Something happened in the wee hours of the early morning that had awoken all of us who were sleeping straight out of our dreams. My son was tossing and turning clearly in anguish and we were left scrambling trying to diffuse the energy in the room that was relentless in it’s pursuit on all of us. What spirits rise when the rest of the world is tucked safe asleep is the very same monster that comes alive every time we decide to take a break and close our eyes.
I am sure the two events were not intertwined even though in a way it was determined that they had to be decidedly so. What I saw when I came into the kitchen was a shock that my eyes weren’t quite ready to see. You know somehow I acquired these hermit crabs. A project between father and son has now fallen onto my shoulders and for the most part I don’t mind they don’t take much work. Maybe some simple understanding but I as human don’t understand how a crab and a human can come together to simply just be.
First off I have two crabs. My baby and the senior who just marches around the place. What intrigues me is that I had four at one time but trying to recreate a terrarium for them is not for the faint of mind or even heart. Sure it looks easy. Throw in some sand and some dirt and add in some pools of water and voila! Right? Not so much. I wish it was that much but there is something more scientific and environmentally that we can ever hope to find out or even know.

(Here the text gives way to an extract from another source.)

(* Let $1\le p<\infty$. Let $\Pi=(t_k)_{k\in\mathbb{Z}}$ be a sampling sequence with constants $0<\delta\le\Delta$, and let $\chi$ be a kernel satisfying $(\chi1)$–$(\chi4)$, where $(\chi3)$ holds with $\psi(u)=u$, i.e. $|\chi(x,u)-\chi(x,v)|\le L(x)|u-v|$, with $L$ satisfying $(L1)$, $(L2)$ and $M_p(L):=\int_{\mathbb{R}}L(u)|u|^p\,du<+\infty$. Let $M_2,\theta_0>0$ be such that $\mathcal{T}_w(x)\le M_2w^{-\theta_0}$ for all $x$ and all sufficiently large $w$. Let $0<\alpha\le1$ and $f\in Lip(\alpha,p)$ with constant $C_1>0$. Then for every sufficiently large $w>0$, $$\|S_wf-f\|_p\le\delta^{-1/p}[2m_{0,\Pi}(L)]^{(p-1)/p}\left[\|L\|_1+M_p(L)\right]^{1/p}C_1\frac{1}{w^{\alpha}}+\delta^{-1/p}m_{0,\Pi}(L)C_1\Delta^{1/p}\left(\frac{\Delta}{w}\right)^{\alpha}+M_2\|f\|_p\,w^{-\theta_0}.$$
   Context: A $\varphi$-function is a continuous non-decreasing $\varphi:[0,\infty)\to[0,\infty)$ with $\varphi(0)=0$, $\varphi(u)>0$ for $u>0$, $\varphi(u)\to\infty$. A sampling sequence $\Pi=(t_k)$: strictly increasing reals, $t_k\to\pm\infty$, with $\delta\le\Delta_k:=t_{k+1}-t_k\le\Delta$. A kernel is $\chi:\mathbb{R}^2\to\mathbb{R}$ with: $(\chi1)$ $k\mapsto\chi(wx-t_k,u)\in\ell^1(\mathbb{Z})$ for all $x,u$, $w>0$; $(\chi2)$ $\chi(x,0)=0$; $(\chi3)$ measurable $L:\mathbb{R}\to[0,\infty)$ and a $\varphi$-function $\psi$ with $|\chi(x,u)-\chi(x,v)|\le L(x)\psi(|u-v|)$; $(\chi4)$ some $\theta_0>0$ with $\mathcal{T}_w(x):=\sup_{u\ne0}\left|\frac1u\sum_k\chi(wx-t_k,u)-1\right|=\mathcal{O}(w^{-\theta_0})$ uniformly in $x$. $(L1)$: $L\in L^1$, bounded near $0$; $(L2)$: some $\beta_0>0$ with $\sup_u\sum_kL(u-t_k)|u-t_k|^{\beta_0}<\infty$. $m_{0,\Pi}(L):=\sup_u\sum_kL(u-t_k)$. Operators: $(S_wf)(x):=\sum_k\chi\!\left(wx-t_k,\frac{w}{\Delta_k}\int_{t_k/w}^{t_{k+1}/w}f(u)\,du\right)$. $\omega_p(f,\delta'):=\sup_{|h|\le\delta'}\|f(\cdot+h)-f(\cdot)\|_p$. $Lip(\alpha,p)$ is the class of $f\in L^p(\mathbb{R})$ for which there is a constant $C_1>0$ with $\omega_p(f,\delta')\le C_1(\delta')^{\alpha}$ for all sufficiently small $\delta'>0$. *)

theory Defs
  imports "HOL-Analysis.Analysis"
begin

I love humans when they tell me what they know about living beings like we don’t somehow evolve or change into something entirely that another life form doesn’t have a chance to know. Think about how we age and mature and how we deemed it appropriate for sexing our young ins to be the first of things to go. I will never forget the nurses at the ICU when they delivered me that morning, asking my husband what we would like written down on our son’s birth certificate. You know there is an option to put U as unidentified but as far as I remember it should be the thing that has been found hanging between their legs. When she asked me if that was what I wanted I looked at her and asked her if that was what she honestly could think. If my son was born a boy I will honour him until he is old enough to tell me that he wishes that he was born another way.

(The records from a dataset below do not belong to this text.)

(* Let $G \in \{\mathrm{U}, \mathrm{Sp}, \mathrm{O}, \mathrm{SO(even)}, \mathrm{SO(odd)}\}$ and $\Delta>0$. Let $F:\mathbb{C}\to\mathbb{C}$ be an entire function. Then $F\in\mathcal{H}_{\pi\Delta}$ if and only if $F\in\mathcal{H}_{G,\pi\Delta}$. Moreover, there exist positive constants $C^+$ and $C^-$, possibly depending on $\Delta$, such that \[ C^- \|F\|_{L^2(\mathbb{R})} \le \|F\|_{L^2(\mathbb{R}, W_G)} \le C^+ \|F\|_{L^2(\mathbb{R})} \] for all $F\in\mathcal{H}_{\pi\Delta}$.
   Context: $\mathcal{H}_{\pi\Delta}$ (Paley–Wiener space) is the space of entire functions of exponential type at most $\pi\Delta$ whose restriction to $\mathbb{R}$ is in $L^2(\mathbb{R})$. Densities: $W_{\mathrm U}=1$; $W_{\mathrm{Sp}}(x)=1-\frac{\sin 2\pi x}{2\pi x}$; $W_{\mathrm O}(x)=1+\frac12\boldsymbol{\delta}_0(x)$; $W_{\mathrm{SO(even)}}(x)=1+\frac{\sin 2\pi x}{2\pi x}$; $W_{\mathrm{SO(odd)}}(x)=1-\frac{\sin 2\pi x}{2\pi x}+\boldsymbol{\delta}_0(x)$, with $\boldsymbol{\delta}_0$ the Dirac delta at $0$, and $\|F\|^2_{L^2(\mathbb{R},W_G)}=\int_{\mathbb{R}}|F(x)|^2W_G(x)\,dx$ (the delta contributing the corresponding multiple of $|F(0)|^2$). $\mathcal{H}_{G,\pi\Delta}$ is the space of entire functions $F$ of exponential type at most $\pi\Delta$ with $\|F\|_{L^2(\mathbb{R},W_G)}<\infty$. *)

theory Defs
  imports "HOL-Analysis.Analysis"
begin

datatype symgroup = GU | GSp | GO | GSOeven | GSOodd

definition exp_type_le :: "(complex \<Rightarrow> complex) \<Rightarrow> real \<Rightarrow> bool" where
  "exp_type_le F tau \<longleftrightarrow>
     (\<forall>\<epsilon>>0. \<exists>C. \<forall>z. norm (F z) \<le> C * exp ((tau + \<epsilon>) * norm z))"

definition sinc2 :: "real \<Rightarrow> real" where
  "sinc2 x = (if x = 0 then 1 else sin (2 * pi * x) / (2 * pi * x))"

text \<open>Absolutely continuous part of the density W_G.\<close>
fun Wac :: "symgroup \<Rightarrow> real \<Rightarrow> real" where
  "Wac GU x = 1"
| "Wac GSp x = 1 - sinc2 x"
| "Wac GO x = 1"
| "Wac GSOeven x = 1 + sinc2 x"
| "Wac GSOodd x = 1 - sinc2 x"

text \<open>Coefficient of the Dirac delta at 0 in W_G.\<close>
fun Wdelta :: "symgroup \<Rightarrow> real" where
  "Wdelta GU = 0"
| "Wdelta GSp = 0"
| "Wdelta GO = 1/2"
| "Wdelta GSOeven = 0"
| "Wdelta GSOodd = 1"

definition L2norm :: "(complex \<Rightarrow> complex) \<Rightarrow> real" where
  "L2norm F = sqrt (integral\<^sup>L lborel (\<lambda>x. (cmod (F (of_real x)))\<^sup>2))"

definition WL2norm :: "symgroup \<Rightarrow> (complex \<Rightarrow> complex) \<Rightarrow> real" where
  "WL2norm G F = sqrt (integral\<^sup>L lborel (\<lambda>x. (cmod (F (of_real x)))\<^sup>2 * Wac G x)
                       + Wdelta G * (cmod (F 0))\<^sup>2)"

definition PW :: "real \<Rightarrow> (complex \<Rightarrow> complex) set" where
  "PW tau = {F. F holomorphic_on UNIV \<and> exp_type_le F tau \<and>
       integrable lborel (\<lambda>x. (cmod (F (of_real x)))\<^sup>2)}"

text \<open>H_{G,tau}: entire, exponential type at most tau, finite weighted L2 norm
  (the delta part is always finite).\<close>
definition PWG :: "symgroup \<Rightarrow> real \<Rightarrow> (complex \<Rightarrow> complex) set" where
  "PWG G tau = {F. F holomorphic_on UNIV \<and> exp_type_le F tau \<and>
       (\<integral>\<^sup>+ x. ennreal ((cmod (F (of_real x)))\<^sup>2 * Wac G x) \<partial>lborel) < \<infinity>}"

end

There we are again trying to fit a square peg into a circle like we are the be all end all to all infinite beings. What I saw was my crab out of his shell drying out, all grey and I couldn’t help but wonder if it was something I had done to make him that way. I could tell he was scared because with every shadow that crossed over his body he would flinch in the hopes that it wasn’t a predator and he would find time to get away. Most will say who cares it’s just a crab throw it away and try it again but my heart doesn’t beat that way.
I knew the larger crab was up and moving and if he came across the exposed tiny crab a fight with tiny daggers might ensure. K no tiny daggers but I think you now know the picture so I cleaned any viable open shells I could find and put them around him in kind of a ring. I even cleaned his tiny shell because crabs are known for hoarding food. I was cautious of the moisture and temperature controls of his habitat because I didn’t want him to dry out or even get too hot or cold.
I don’t know why it bothered me so much this little simple puzzle piece that is their life. Sometimes they outgrow their little moving habitats or maybe there is a fungus or irritant that has somehow gotten in the way. Whatever it was I was racing against the clock. I was scared for what was going to happen even though I had no idea what it all could possibly mean. He looked scared and unprotected as he retreated into the dark and the dirt maybe looking for his home.
I am a weird life form this I already know. Fully integrated and connected to all the life forms that had come here before. I don’t look at any other living being and think that I am entitled to more. I don’t know what all this fighting is about I never cared for evening out the score. All I wanted was to live simply and happily with the animals that have made their way into my care. This is what it means to come alive and be living when the rest of the world is content in being so unconcerned and always behaving so cold.
I want all life to feel important even if they are small as a hermit crab. What I see is that they have a desire for life that only the living can. As his grey body just sat there barely moving I wondered if his time had finally come. I didn’t take a picture or video because even the smallest being deserves a little bit of dignity in their final days. I am not sure what is going on because wouldn’t you know it I am not a crab all I can do is ensure that his habitat is safe and in livable conditions in order for him to prosper and leave out his best years.